Assessment of safety in neonates for transfusion of platelets and plasma prepared with amotosalen photochemical pathogen inactivation treatment by a 1-month intravenous toxicity study in neonatal rats.

Background: It is estimated that approximately 300,000 neonates undergo transfusions annually. The neonatal immune system is immature, making such patients more susceptible to the effects associated with transfusion-transmitted bacteria, viruses, protozoa, and white blood cells (WBCs). The INTERCEPT Blood System is a photochemical process (PCT) utilizing amotosalen and long-wavelength ultraviolet to inactivate pathogens and WBCs in both platelet (PLT) and plasma components for transfusion. A series of clinical studies has shown PCT PLTs and PCT plasma to be safe and effective for transfusion in adults and pediatric patients. Because clinical studies in neonates are technically difficult and ethically challenging, preclinical toxicologic studies were conducted in neonatal rats to evaluate the safety of PCT blood components for neonates.

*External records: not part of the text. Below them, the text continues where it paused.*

(* Let $d\ge2$ and let $v=(v_1,\dots,v_d)\in\mathbb{R}^d$ satisfy $\sum_j v_j=1$ and $\sum_j v_j^2=d$. Let $v_{\max}=\max_j v_j$ and $v_{\min}=\min_j v_j$. Then $$\frac{(d-1)v_{\max}-(d+1)v_{\min}}{2}\le\frac{d-1}{\sqrt2\,d}\sqrt{(d+1)(d^2+d+2)}-\frac1d,$$ with equality if and only if the components of $v$ in nonincreasing order $v^\downarrow$ satisfy, with $s=\sqrt{\frac{d+1}{2(d^2+d+2)}}$, $$v^\downarrow_1=\frac1d+\frac{d^2-d+2}{d}s,\quad v^\downarrow_2=\dots=v^\downarrow_{d-1}=\frac1d+\frac2d s,\quad v^\downarrow_d=\frac1d-\frac{d^2+d-2}{d}s.$$ *)

theory Defs
  imports Complex_Main
begin

definition sorted_desc :: "nat \<Rightarrow> (nat \<Rightarrow> real) \<Rightarrow> real list" where
  "sorted_desc d v = rev (sort (map v [0..<d]))"

end

theory Submission
  imports Defs "HOL-Library.Multiset"
begin

text \<open>
  Fix distinct indices \<open>i, k\<close> and compare \<open>v\<close> with the profile \<open>u\<close> that takes the top value
  \<open>1/d + (d\<^sup>2-d+2)s/d\<close> at \<open>i\<close>, the bottom value \<open>1/d - (d\<^sup>2+d-2)s/d\<close> at \<open>k\<close> and
  \<open>1/d + 2s/d\<close> elsewhere. Expanding \<open>\<Sum>\<^sub>j (v\<^sub>j - u\<^sub>j)\<^sup>2\<close> with the two moment
  constraints leaves only \<open>v\<^sub>i\<close> and \<open>v\<^sub>k\<close>, and for this particular \<open>s\<close> the identity reads
  \<open>\<Sum>\<^sub>j (v\<^sub>j - u\<^sub>j)\<^sup>2 / 4s = B - ((d-1)v\<^sub>i - (d+1)v\<^sub>k)/2\<close>.
  Hence the spread at any pair is at most \<open>B\<close>, with equality iff \<open>v = u\<close>. Taking \<open>i, k\<close> at a
  maximum and a minimum (distinct, since the moments exclude constant vectors) gives the bound,
  and in the equality case the sorted components are those of \<open>u\<close>.
\<close>

lemma sum_square_deviation:
  fixes f :: "'a \<Rightarrow> 'b::comm_ring_1"
  shows "(\<Sum>j\<in>R. (f j - c)^2) = (\<Sum>j\<in>R. (f j)^2) - 2 * c * sum f R + of_nat (card R) * c^2"
proof -
  have "(\<Sum>j\<in>R. (f j - c)^2) = (\<Sum>j\<in>R. (f j)^2 - 2 * c * f j + c^2)"
    by (intro sum.cong refl) (simp add: power2_eq_square algebra_simps)
  then show ?thesis
    by (simp add: sum.distrib sum_subtractf sum_distrib_left)
qed

lemma sum_remove_two:
  assumes "finite A" "i \<in> A" "k \<in> A" "i \<noteq> k"
  shows "sum f A = f i + f k + sum f (A - {i, k})"
proof -
  have "sum f A = f i + sum f (A - {i})"
    using assms by (simp add: sum.remove)
  also have "sum f (A - {i}) = f k + sum f (A - {i} - {k})"
    using assms by (simp add: sum.remove)
  also have "A - {i} - {k} = A - {i, k}"
    by auto
  finally show ?thesis
    by (simp add: add.assoc)
qed

lemma moments_force_spread:
  fixes v :: "nat \<Rightarrow> real"
  assumes "d \<ge> 2" "(\<Sum>j<d. v j) = 1" "(\<Sum>j<d. (v j)^2) = real d"
  shows "Min (v ` {..<d}) < Max (v ` {..<d})"
proof (rule ccontr)
  assume "\<not> Min (v ` {..<d}) < Max (v ` {..<d})"
  then have const: "v j = v 0" if "j < d" for j
  proof -
    have bounds: "Min (v ` {..<d}) \<le> v i \<and> v i \<le> Max (v ` {..<d})" if "i < d" for i
      using that by simp
    show ?thesis
      using bounds[OF that] bounds[of 0] assms(1) \<open>\<not> _ < _\<close> by linarith
  qed
  have "(\<Sum>j<d. v j) = (\<Sum>j<d. v 0)" "(\<Sum>j<d. (v j)^2) = (\<Sum>j<d. (v 0)^2)"
    by (intro sum.cong refl; metis const lessThan_iff)+
  then have mean: "real d * v 0 = 1" and square_mean: "real d * (v 0)^2 = real d"
    using assms(2,3) by simp_all
  have "real d * real d = real d * (real d * (v 0)^2)"
    using square_mean by simp
  also have "\<dots> = (real d * v 0)^2"
    by (simp add: power2_eq_square)
  also have "\<dots> = 1"
    using mean by simp
  finally have "real d * real d = 1" .
  moreover have "2 * 2 \<le> real d * real d"
    using assms(1) by (intro mult_mono) auto
  ultimately show False
    by simp
qed

lemma extremal_indices:
  fixes v :: "nat \<Rightarrow> real"
  assumes "d \<ge> 2" "(\<Sum>j<d. v j) = 1" "(\<Sum>j<d. (v j)^2) = real d"
  obtains i k where "i < d" "k < d" "i \<noteq> k"
    and "v i = Max (v ` {..<d})" "v k = Min (v ` {..<d})"
proof -
  have fin: "finite (v ` {..<d})" and ne: "v ` {..<d} \<noteq> {}"
    using assms(1) by (auto simp: lessThan_empty_iff)
  obtain i k where "i < d" "v i = Max (v ` {..<d})" "k < d" "v k = Min (v ` {..<d})"
    using Max_in[OF fin ne] Min_in[OF fin ne] by auto
  moreover have "i \<noteq> k"
    using moments_force_spread[OF assms] calculation by auto
  ultimately show thesis
    using that by blast
qed

lemma optimal_scale:
  fixes D :: real
  assumes "D \<ge> 2"
  defines "s \<equiv> sqrt ((D + 1) / (2 * (D^2 + D + 2)))"
  shows "s > 0" and "(D - 1) * (D^2 + D + 2) * s^2 = (D^2 - 1) / 2"
proof -
  have P: "D^2 + D + 2 > 0"
    using assms(1) by (simp add: add_pos_pos)
  then show "s > 0"
    using assms(1) unfolding s_def by simp
  have "s^2 = (D + 1) / (2 * (D^2 + D + 2))"
    unfolding s_def using assms(1) P by simp
  then show "(D - 1) * (D^2 + D + 2) * s^2 = (D^2 - 1) / 2"
    using P by (simp only:) (simp add: field_simps power2_eq_square)
qed

lemma bound_eq_scaled:
  fixes D :: real
  assumes "D \<ge> 2"
  defines "s \<equiv> sqrt ((D + 1) / (2 * (D^2 + D + 2)))"
  shows "(D - 1) / (sqrt 2 * D) * sqrt ((D + 1) * (D^2 + D + 2)) - 1 / D = (D^2 - 1 - 2 * s) / (2 * D * s)"
proof -
  define P where "P = D^2 + D + 2"
  have P: "P > 0" using assms(1) unfolding P_def by (simp add: add_pos_pos)
  have s: "s > 0" using optimal_scale(1)[OF assms(1)] unfolding s_def .
  have "s * (sqrt 2 * sqrt ((D + 1) * P)) = sqrt ((D + 1)^2)"
    unfolding s_def P_def[symmetric] using P by (simp add: real_sqrt_mult[symmetric] field_simps power2_eq_square)
  then have "sqrt ((D + 1) * P) = (D + 1) / (s * sqrt 2)"
    using assms(1) s by (simp add: field_simps)
  then have "(D - 1) / (sqrt 2 * D) * sqrt ((D + 1) * P) = (D - 1) / (sqrt 2 * D) * ((D + 1) / (s * sqrt 2))"
    by (simp only:)
  also have "\<dots> = (D^2 - 1) / (2 * D * s)"
    using assms(1) s by (simp add: field_simps power2_eq_square)
  finally show ?thesis
    unfolding P_def using assms(1) s by (simp add: diff_divide_distrib)
qed

lemma extremal_profile_ordered:
  fixes D s :: real
  assumes "D \<ge> 2" "s \<ge> 0"
  shows "1/D - (D^2 + D - 2)/D * s \<le> 1/D + 2/D * s"
    and "1/D + 2/D * s \<le> 1/D + (D^2 - D + 2)/D * s"
proof -
  have "D \<le> D^2"
    using mult_right_mono[of 1 D D] assms(1) by (simp add: power2_eq_square)
  then have "0 \<le> (D^2 + D - 2)/D * s" "0 \<le> 2/D * s" "2/D * s \<le> (D^2 - D + 2)/D * s"
    using assms by (auto intro!: mult_right_mono divide_right_mono)
  then show "1/D - (D^2 + D - 2)/D * s \<le> 1/D + 2/D * s"
       and "1/D + 2/D * s \<le> 1/D + (D^2 - D + 2)/D * s"
    by linarith+
qed

lemma extremal_profile_spread:
  fixes D :: real
  assumes "D \<ge> 2"
  defines "s \<equiv> sqrt ((D + 1) / (2 * (D^2 + D + 2)))"
  shows "((D - 1) * (1/D + (D^2 - D + 2)/D * s) - (D + 1) * (1/D - (D^2 + D - 2)/D * s)) / 2
         = (D^2 - 1 - 2 * s) / (2 * D * s)"
proof -
  have s: "s > 0" and scale: "(D - 1) * (D^2 + D + 2) * s^2 = (D^2 - 1) / 2"
    using optimal_scale[OF assms(1)] unfolding s_def by auto
  have "((D - 1) * (1/D + (D^2 - D + 2)/D * s) - (D + 1) * (1/D - (D^2 + D - 2)/D * s)) / 2
        = ((D - 1) * (D^2 + D + 2) * s^2 - s) / (D * s)"
    using assms(1) s by (simp add: field_simps power2_eq_square)
  then show ?thesis
    unfolding scale using assms(1) s by (simp add: field_simps)
qed

lemma set_sorted_desc: "set (sorted_desc d v) = v ` {..<d}"
  unfolding sorted_desc_def by auto

lemma sorted_desc_three_levels:
  assumes "i < d" "k < d" "i \<noteq> k"
    and "v i = a" "v k = b" "\<And>j. j \<in> {..<d} - {i, k} \<Longrightarrow> v j = c"
    and "b \<le> c" "c \<le> a"
  shows "sorted_desc d v = [a] @ replicate (d - 2) c @ [b]"
proof -
  let ?R = "{..<d} - {i, k}" and ?T = "[a] @ replicate (d - 2) c @ [b]"
  have "mset (map v [0..<d]) = image_mset v (mset_set {..<d})"
    by (simp flip: atLeast0LessThan)
  also have "mset_set {..<d} = add_mset i (add_mset k (mset_set ?R))"
  proof -
    have "{..<d} = insert i (insert k ?R)" "i \<notin> insert k ?R" "k \<notin> ?R"
      using assms(1-3) by auto
    then show ?thesis
      by (metis finite_Diff finite_lessThan finite_insert mset_set.insert)
  qed
  also have "image_mset v (add_mset i (add_mset k (mset_set ?R)))
      = add_mset a (add_mset b (image_mset v (mset_set ?R)))"
    using assms(4,5) by simp
  also have "image_mset v (mset_set ?R) = image_mset (\<lambda>_. c) (mset_set ?R)"
    using assms(6) by (intro image_mset_cong) auto
  also have "\<dots> = replicate_mset (d - 2) c"
    using assms(1-3) by (simp add: image_mset_const_eq card_Diff_subset numeral_2_eq_2)
  finally have "mset (map v [0..<d]) = mset (rev ?T)"
    by (simp add: add_mset_commute)
  moreover have "sorted (rev ?T)"
    using assms(7,8) by (auto simp: sorted_append)
  ultimately show ?thesis
    unfolding sorted_desc_def by (metis properties_for_sort rev_rev_ident)
qed

lemma sorted_desc_three_levels_extrema:
  assumes "sorted_desc d v = [a] @ replicate (d - 2) c @ [b]" "b \<le> c" "c \<le> a"
  shows "Max (v ` {..<d}) = a" and "Min (v ` {..<d}) = b"
  unfolding set_sorted_desc[symmetric] assms(1) using assms(2,3)
  by (intro Max_eqI Min_eqI; auto)+

lemma extremal_profile_deviation:
  fixes v :: "nat \<Rightarrow> real" and s :: real
  assumes "d \<ge> 2" "i < d" "k < d" "i \<noteq> k"
    and "(\<Sum>j<d. v j) = 1" "(\<Sum>j<d. (v j)^2) = real d"
  defines "D \<equiv> real d"
  shows "((v i - (1/D + (D^2 - D + 2)/D * s))^2 + (v k - (1/D - (D^2 + D - 2)/D * s))^2
           + (\<Sum>j\<in>{..<d} - {i, k}. (v j - (1/D + 2/D * s))^2)) * D / 2
         = (D^2 - 1)/2 - 2 * s - D * s * ((D - 1) * v i - (D + 1) * v k) + (D - 1) * (D^2 + D + 2) * s^2"
proof -
  let ?R = "{..<d} - {i, k}" and ?c = "1/D + 2/D * s"
  have "sum v ?R = 1 - v i - v k" "(\<Sum>j\<in>?R. (v j)^2) = D - (v i)^2 - (v k)^2"
    using sum_remove_two[of "{..<d}" i k v] sum_remove_two[of "{..<d}" i k "\<lambda>j. (v j)^2"] assms
    by auto
  moreover have "real (card ?R) = D - 2"
    using assms(1-4) unfolding D_def by (simp add: card_Diff_subset of_nat_diff)
  ultimately have rest: "(\<Sum>j\<in>?R. (v j - ?c)^2)
      = (D - (v i)^2 - (v k)^2) - 2 * ?c * (1 - v i - v k) + (D - 2) * ?c^2"
    by (simp only: sum_square_deviation)
  have "D \<ge> 2"
    using assms(1) unfolding D_def by simp
  then show ?thesis
    unfolding rest by (simp add: field_simps power2_eq_square)
qed

lemma spread_bound_at_pair:
  fixes v :: "nat \<Rightarrow> real"
  assumes "d \<ge> 2" "i < d" "k < d" "i \<noteq> k"
    and "(\<Sum>j<d. v j) = 1" "(\<Sum>j<d. (v j)^2) = real d"
  defines "D \<equiv> real d"
    and "s \<equiv> sqrt ((real d + 1) / (2 * (real d ^ 2 + real d + 2)))"
  shows "((D - 1) * v i - (D + 1) * v k) / 2 \<le> (D^2 - 1 - 2 * s) / (2 * D * s)"
    and "((D - 1) * v i - (D + 1) * v k) / 2 = (D^2 - 1 - 2 * s) / (2 * D * s)
         \<longleftrightarrow> v i = 1/D + (D^2 - D + 2)/D * s \<and> v k = 1/D - (D^2 + D - 2)/D * s
             \<and> (\<forall>j\<in>{..<d} - {i, k}. v j = 1/D + 2/D * s)"
proof -
  define L where "L = ((D - 1) * v i - (D + 1) * v k) / 2"
  define Q where "Q = (v i - (1/D + (D^2 - D + 2)/D * s))^2 + (v k - (1/D - (D^2 + D - 2)/D * s))^2
           + (\<Sum>j\<in>{..<d} - {i, k}. (v j - (1/D + 2/D * s))^2)"
  have D: "D \<ge> 2"
    using assms(1) unfolding D_def by simp
  have s: "s > 0" and scale: "(D - 1) * (D^2 + D + 2) * s^2 = (D^2 - 1) / 2"
    using optimal_scale[of "real d"] assms(1) unfolding s_def D_def by auto
  have "Q * D / 2 = (D^2 - 1)/2 - 2 * s - D * s * ((D - 1) * v i - (D + 1) * v k) + (D - 1) * (D^2 + D + 2) * s^2"
    unfolding Q_def D_def by (rule extremal_profile_deviation[OF assms(1-6)])
  then have deviation: "D^2 - 1 - 2 * s - 2 * D * s * L = Q * D / 2"
    unfolding scale L_def by (simp add: field_simps)
  have gap: "(D^2 - 1 - 2 * s) / (2 * D * s) - L = Q / (4 * s)"
  proof -
    have "(D^2 - 1 - 2 * s) / (2 * D * s) - L = (D^2 - 1 - 2 * s - 2 * D * s * L) / (2 * D * s)"
      using D s by (simp add: field_simps)
    also have "\<dots> = Q / (4 * s)"
      unfolding deviation using D s by (simp add: field_simps)
    finally show ?thesis .
  qed
  have "Q \<ge> 0"
    unfolding Q_def by (intro add_nonneg_nonneg sum_nonneg) auto
  then show "L \<le> (D^2 - 1 - 2 * s) / (2 * D * s)"
    using gap s by (smt (verit) divide_nonneg_pos)
  have "L = (D^2 - 1 - 2 * s) / (2 * D * s) \<longleftrightarrow> Q = 0"
    using gap s by auto
  also have "\<dots> \<longleftrightarrow> v i = 1/D + (D^2 - D + 2)/D * s \<and> v k = 1/D - (D^2 + D - 2)/D * s
             \<and> (\<forall>j\<in>{..<d} - {i, k}. v j = 1/D + 2/D * s)"
    unfolding Q_def by (simp add: add_nonneg_eq_0_iff sum_nonneg sum_nonneg_eq_0_iff)
  finally show "L = (D^2 - 1 - 2 * s) / (2 * D * s) \<longleftrightarrow> \<dots>" .
qed

theorem lemmaS3:
  fixes d :: nat and v :: "nat \<Rightarrow> real"
  assumes "d \<ge> 2"
    and "(\<Sum>j<d. v j) = 1"
    and "(\<Sum>j<d. (v j)^2) = real d"
  defines "vmax \<equiv> Max (v ` {..<d})"
    and "vmin \<equiv> Min (v ` {..<d})"
    and "s \<equiv> sqrt ((real d + 1) / (2 * (real d ^ 2 + real d + 2)))"
    and "B \<equiv> (real d - 1) / (sqrt 2 * real d) * sqrt ((real d + 1) * (real d ^ 2 + real d + 2)) - 1 / real d"
  shows "((real d - 1) * vmax - (real d + 1) * vmin) / 2 \<le> B
         \<and> (((real d - 1) * vmax - (real d + 1) * vmin) / 2 = B
            \<longleftrightarrow> sorted_desc d v =
                 [1 / real d + (real d ^ 2 - real d + 2) / real d * s]
                 @ replicate (d - 2) (1 / real d + 2 / real d * s)
                 @ [1 / real d - (real d ^ 2 + real d - 2) / real d * s])"
proof -
  define D where "D = real d"
  define L where "L = ((D - 1) * vmax - (D + 1) * vmin) / 2"
  define T where "T = [1/D + (D^2 - D + 2)/D * s] @ replicate (d - 2) (1/D + 2/D * s)
                      @ [1/D - (D^2 + D - 2)/D * s]"
  have D: "D \<ge> 2"
    using assms(1) unfolding D_def by simp
  have B: "B = (D^2 - 1 - 2 * s) / (2 * D * s)"
    using bound_eq_scaled[of "real d"] assms(1) unfolding B_def s_def D_def by simp
  have "s > 0"
    using optimal_scale(1)[of "real d"] assms(1) unfolding s_def by simp
  obtain i k where i: "i < d" "v i = vmax" and k: "k < d" "v k = vmin" and "i \<noteq> k"
    using extremal_indices[OF assms(1-3)] unfolding vmax_def vmin_def by metis
  note pair = spread_bound_at_pair[OF assms(1) i(1) k(1) \<open>i \<noteq> k\<close> assms(2,3)]
  have "L \<le> B"
    using pair(1) unfolding L_def B D_def s_def i(2) k(2) .
  have extremal_iff: "L = B \<longleftrightarrow> vmax = 1/D + (D^2 - D + 2)/D * s \<and> vmin = 1/D - (D^2 + D - 2)/D * s
             \<and> (\<forall>j\<in>{..<d} - {i, k}. v j = 1/D + 2/D * s)"
    using pair(2) unfolding L_def B D_def s_def i(2) k(2) .
  have ordered: "1/D - (D^2 + D - 2)/D * s \<le> 1/D + 2/D * s" "1/D + 2/D * s \<le> 1/D + (D^2 - D + 2)/D * s"
    using extremal_profile_ordered[OF D] \<open>s > 0\<close> by simp_all
  have "L = B \<longleftrightarrow> sorted_desc d v = T"
  proof
    assume "L = B"
    then show "sorted_desc d v = T"
      using extremal_iff i k \<open>i \<noteq> k\<close> ordered unfolding T_def by (intro sorted_desc_three_levels) auto
  next
    assume "sorted_desc d v = T"
    then have "vmax = 1/D + (D^2 - D + 2)/D * s" "vmin = 1/D - (D^2 + D - 2)/D * s"
      using sorted_desc_three_levels_extrema ordered unfolding T_def vmax_def vmin_def by blast+
    moreover have "((D - 1) * (1/D + (D^2 - D + 2)/D * s) - (D + 1) * (1/D - (D^2 + D - 2)/D * s)) / 2 = B"
      unfolding B D_def s_def by (rule extremal_profile_spread) (use assms(1) in simp)
    ultimately show "L = B"
      unfolding L_def by simp
  qed
  with \<open>L \<le> B\<close> show ?thesis
    unfolding L_def T_def D_def by blast
qed

end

Study Design And Methods: This study examined daily intravenous administration to neonatal rats of amotosalen in 35 percent:65 percent plasma:InterSol from 1 microg per kg per day (representing 1-unit transfusion) to 457 microg per kg per day (representing multiple transfusions) from Postnatal Day 4 (PND4) to PND31. Rats were observed for viability, clinical signs, and body weights until PND31 and then subjected to pathology evaluation. Hematology, clinical chemistry, and urinalysis data were also collected on PND31. Toxicokinetic parameters were evaluated on PND4 and PND31.

Results: There were no amotosalen-related effects on clinical signs, body weight, hematology, clinical chemistry, urinalysis, gross pathology, or histopathology, despite the exposure of neonatal rats to amotosalen concentrations as high as approximately 48 times the standard exposure in adult patients.

Conclusion: This study demonstrates the safety of PCT for transfusion in neonatal rats and augments data from other studies and clinical use supporting the use of PCT in neonatal patients.